生のみ生のままで 上

生のみ生のままで 上

綿矢 りさ

出版社:集英社 出版年月日:2019/06/26

集英社 | 2019/06/26

3.75
本棚登録:6人

みんなの感想

感想

綿矢りさの新作と聞いて手に取りました。正直、期待値は高かったんですが、それを軽く上回る仕上がりだと感じます。 女性同士の恋愛を描いた作品ですが、単なる恋愛小説ではなく、人間関係の複雑さや心理の揺らぎを丁寧に掘り下げているところが素晴らしい。主人公・逢衣の内面の変化が繊細に描写されていて、読み進めるにつれ引き込まれていきました。 特に印象的なのは、彼女との関係から彩夏へと心が移っていくプロセスです。理屈ではなく、感情と肉体の反応で揺さぶられていく様子がリアルに伝わってきます。綿矢さんの描写力の高さを改めて実感しました。 ただ上巻という形なので、どうしても続きが気になってしまう終わり方なんですよね。早く下巻を読みたいという気持ちと、この緊張感を保ったままにしておきたいという気持ちが葛藤しています。新社会人として忙しい日々ですが、これはぜひ近いうちに読み進めたい一冊です。

感想

綿矢りさの新作ということで、期待値高めで手に取りました。女性同士の恋愛を描いた作品は近年増えていますが、本作がどのような切り口を提示するのか興味がありました。 読んでみた感想としては、描写の鮮烈さは確かに魅力的です。二人の関係性の変化や身体的な接近が丁寧に描かれており、その部分の文学性は高いと感じます。ただ、ストーリー全体としての推進力や、登場人物たちの内面的葛藤の深掘りという点では、少し物足りなさが残りました。 エンジニアという職業柄、論理的な構成を求めてしまう癖があるのですが、キャラクターの行動動機や関係性の展開がやや唐突に感じられた場面もあります。「上」ということで続編があるのでしょうが、この巻単体では完結度が低く、判断を保留せざるを得ません。 綿矢りさの実力は疑いようもありませんが、本作に限っては及第点といったところ。続きを読むか検討中です。

感想

綿矢りさの新作とあって、さっそく手に取ってみました。

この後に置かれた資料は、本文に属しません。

lemma digit_map_digit_translate:
  assumes "2 \<le> b"
  shows "digit_map b L A (digit_translate b L k1 k2 k) x =
    (digit_map b L A k x + digit_map b L A k2 x + (b - 1) * digit_map b L A k1 x) mod b"
proof -
  have "digit_map b L A (digit_translate b L k1 k2 k) x =
      (\<Sum>l<L. A x l * ((digit b k l + digit b k2 l + (b - 1) * digit b k1 l) mod b)) mod b"
    unfolding digit_translate_def using assms by (intro digit_map_from_digits) auto
  also have "\<dots> = (\<Sum>l<L. A x l * (digit b k l + digit b k2 l + (b - 1) * digit b k1 l)) mod b"
    by (rule sum_mult_mod_right)
  also have "\<dots> = ((\<Sum>l<L. A x l * digit b k l) + (\<Sum>l<L. A x l * digit b k2 l)
                  + (b - 1) * (\<Sum>l<L. A x l * digit b k1 l)) mod b"
    by (simp add: sum.distrib sum_distrib_left algebra_simps)
  also have "\<dots> = (digit_map b L A k x + digit_map b L A k2 x + (b - 1) * digit_map b L A k1 x) mod b"
    unfolding digit_map_def cong_def[symmetric]
    by (intro cong_add cong_mult cong_refl) (simp_all add: cong_def)
  finally show ?thesis .
qed

lemma digit_map_digit_translate_fiber:
  assumes "2 \<le> b" "digit_map b L A k = digit_map b L A k1"
  shows "digit_map b L A (digit_translate b L k1 k2 k) = digit_map b L A k2"
proof
  fix x
  let ?v1 = "digit_map b L A k1 x" and ?v2 = "digit_map b L A k2 x"
  have "?v1 + ?v2 + (b - 1) * ?v1 = ?v2 + ?v1 * b"
    using assms(1) by (cases b) (auto simp: algebra_simps)
  moreover have "(?v2 + ?v1 * b) mod b = ?v2"
    using assms(1) digit_map_less[of b L A k2 x] by simp
  ultimately have "(?v1 + ?v2 + (b - 1) * ?v1) mod b = ?v2" by (simp only:)
  then show "digit_map b L A (digit_translate b L k1 k2 k) x = ?v2"
    using assms by (simp add: digit_map_digit_translate)
qed

lemma inj_on_digit_translate:
  assumes b: "2 \<le> b"
  shows "inj_on (digit_translate b L k1 k2) {..<b ^ L}"
proof (rule inj_onI)
  fix k k' assume k: "k \<in> {..<b ^ L}" and k': "k' \<in> {..<b ^ L}"
    and eq: "digit_translate b L k1 k2 k = digit_translate b L k1 k2 k'"
  have "digit b k l = digit b k' l" if l: "l < L" for l
  proof (rule mod_add_left_cancel_less)
    have "digit b (digit_translate b L k1 k2 k'') l =
        (digit b k'' l + (digit b k2 l + (b - 1) * digit b k1 l)) mod b" for k''
      unfolding digit_translate_def using b l by (subst digit_from_digits) (auto simp: add.assoc)
    then show "(digit b k l + (digit b k2 l + (b - 1) * digit b k1 l)) mod b =
        (digit b k' l + (digit b k2 l + (b - 1) * digit b k1 l)) mod b"
      using eq by metis
  qed (use b in \<open>simp_all add: digit_less\<close>)
  then show "k = k'" using k k' eq_if_digits_eq[of k b L k'] by simp
qed
text \<open>
  The statistic Z is unchanged when a constant is added to every observation of one coordinate.
  Shifting the baseline by the average change, the mean of \<open>X\<^sub>i\<^sup>j\<close> becomes
  \<open>\<theta>\<^sub>j + \<Delta>\<theta>\<^sub>j w\<^sub>i\<close> with centred weights
  \<open>w\<^sub>i = 1{i > \<tau>} - (n - \<tau>)/n\<close>, and the Gaussian likelihood ratio of this shift depends
  on X only through \<open>Z\<^sub>n(\<tau>)\<close>. Hence the law of Z under the alternative \<open>\<Delta>\<theta>\<close> has density
  \<open>exp (- \<surd>(n h) \<langle>\<Delta>\<theta>, Z\<^sub>n(\<tau>)\<rangle> - n h |\<Delta>\<theta>|\<^sup>2 / 2)\<close> with respect to the null law,
  and \<open>E\<^sub>0 L\<^sup>2 = E exp (n h(\<tau>) \<langle>\<Delta>\<theta>, \<Delta>\<theta>'\<rangle>)\<close> for two independent draws from the prior.
  For the Rademacher prior this is \<open>E exp (a \<langle>s, s'\<rangle>)\<close> with \<open>a = n h r\<^sup>2 / p\<close> and independent
  signed p-sparse sign vectors s, s'. Averaging over the signs gives \<open>cosh a\<close> to the power
  \<open>|m \<inter> m'|\<close>, and comparing this hypergeometric overlap with a binomial one bounds the
  second moment by \<open>(1 + (cosh a - 1) p / d)\<^sup>p \<le> exp ((n h r\<^sup>2)\<^sup>2 / d)\<close>, valid once
  \<open>a \<le> 1\<close>; both hold eventually because \<open>p \<ge> c \<surd>d\<close>, and the bound tends to 1.
\<close>

section \<open>Product measures\<close>

lemma PiM_density:
  assumes I: "finite I" and N: "\<And>i. prob_space (N i)"
    and g[measurable]: "\<And>i. g i \<in> borel_measurable (N i)"
    and D: "\<And>i. prob_space (density (N i) (g i))"
  shows "PiM I (\<lambda>i. density (N i) (g i)) = density (PiM I N) (\<lambda>x. \<Prod>i\<in>I. g i (x i))"
proof -
  interpret PN: product_prob_space N by (intro product_prob_spaceI N)
  interpret PD: product_prob_space "\<lambda>i. density (N i) (g i)" by (intro product_prob_spaceI D)
  show ?thesis
  proof (rule PD.PiM_eqI[symmetric])
    show "sets (density (PiM I N) (\<lambda>x. \<Prod>i\<in>I. g i (x i))) = sets (PiM I (\<lambda>i. density (N i) (g i)))"
      unfolding sets_density by (intro sets_PiM_cong refl) simp
    fix A assume A: "\<And>i. i \<in> I \<Longrightarrow> A i \<in> sets (density (N i) (g i))"
    hence A': "\<And>i. i \<in> I \<Longrightarrow> A i \<in> sets (N i)" by simp
    have "emeasure (density (PiM I N) (\<lambda>x. \<Prod>i\<in>I. g i (x i))) (PiE I A)
        = (\<integral>\<^sup>+x. (\<Prod>i\<in>I. g i (x i)) * indicator (PiE I A) x \<partial>PiM I N)"
      using A' I by (intro emeasure_density) (auto intro!: sets_PiM_I_finite)
    also have "\<dots> = (\<integral>\<^sup>+x. (\<Prod>i\<in>I. g i (x i) * indicator (A i) (x i)) \<partial>PiM I N)"
    proof (rule nn_integral_cong)
      fix x assume "x \<in> space (PiM I N)"
      hence "x \<in> extensional I" by (simp add: space_PiM PiE_def)
      thus "(\<Prod>i\<in>I. g i (x i)) * indicator (PiE I A) x = (\<Prod>i\<in>I. g i (x i) * indicator (A i) (x i))"
        by (auto simp: prod.distrib indicator_def PiE_def Pi_def I)
    qed
    also have "\<dots> = (\<Prod>i\<in>I. \<integral>\<^sup>+y. g i y * indicator (A i) y \<partial>N i)"
      using A' by (intro PN.product_nn_integral_prod I) auto
    also have "\<dots> = (\<Prod>i\<in>I. emeasure (density (N i) (g i)) (A i))"
      using A' by (intro prod.cong refl) (simp add: emeasure_density)
    finally show "emeasure (density (PiM I N) (\<lambda>x. \<Prod>i\<in>I. g i (x i))) (PiE I A)
        = (\<Prod>i\<in>I. emeasure (density (N i) (g i)) (A i))" .
  qed fact
qed
(* Define, for $0<v<1$, $$C(v)=\int_1^\infty\frac{L(u)\,\ell(u,v)}{(u^2-v^2)^2}\,du.$$ Then: (i) as $v\downarrow0$, $C(v)=c_0\log\frac1v+d_0+O\big(v^2\log(1/v)\big)$, where $c_0=\int_1^\infty\frac{L(u)}{u^4}du$ and $d_0=\int_1^\infty\frac{L(u)\log(1/u)}{u^4}du$; (ii) $C\in L^1(0,1)$ and $vC(v)\in L^1(0,1)$; (iii) as $y\to\infty$, $$\int_0^1C(v)\cos(vy)\,dv=O\Big(\frac{(\log y)^2}{y}\Big),\qquad\int_0^1vC(v)\sin(vy)\,dv=O\Big(\frac{(\log y)^2}{y}\Big).$$
   Context: For $u>1$ let $L(u)=\log\frac{u+1}{u-1}$, and for $u\ge1$, $0<v\le1$ let $\ell(u,v)=\log\frac{1}{uv}$. *)

theory Defs
  imports "HOL-Analysis.Analysis" "HOL-Library.Landau_Symbols"
begin

definition Lf :: "real \<Rightarrow> real" where
  "Lf u = ln ((u + 1) / (u - 1))"

definition ellf :: "real \<Rightarrow> real \<Rightarrow> real" where
  "ellf u v = ln (1 / (u * v))"

definition Cint :: "real \<Rightarrow> real \<Rightarrow> real" where
  "Cint v u = Lf u * ellf u v / (u\<^sup>2 - v\<^sup>2)\<^sup>2"

definition Cf :: "real \<Rightarrow> real" where
  "Cf v = (LBINT u:{1<..}. Cint v u)"

definition c0 :: real where
  "c0 = (LBINT u:{1<..}. Lf u / u ^ 4)"

definition d0 :: real where
  "d0 = (LBINT u:{1<..}. Lf u * ln (1 / u) / u ^ 4)"

end

theory Submission
  imports Defs "HOL-Real_Asymp.Real_Asymp"
begin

80歳になると、こうした最新の話題作がどんなものか、やはり気になるものです。 女性同士の恋愛を描いた作品というのは、今の文学界でも話題性が高いようですね。この作品も、そうした現代的なテーマを扱いながら、人間関係の微妙な心理描写が実に丁寧です。初対面での違和感から、やがて深まっていく二人の関係性を追うことで、読者は自然と物語に引き込まれていく。綿矢りさの筆力はやはり確かなものです。 長年、商売をやってきた経験からすると、人と人の関係というのはいつでも複雑で予測不可能なものです。この小説もそうした人間の本質的な部分に切り込んでいるように感じます。若い読者ばかりでなく、人生経験を積んだ世代にも十分に読み応えがある作品だと思いますね。上巻ということで、下巻も楽しみにしているところです。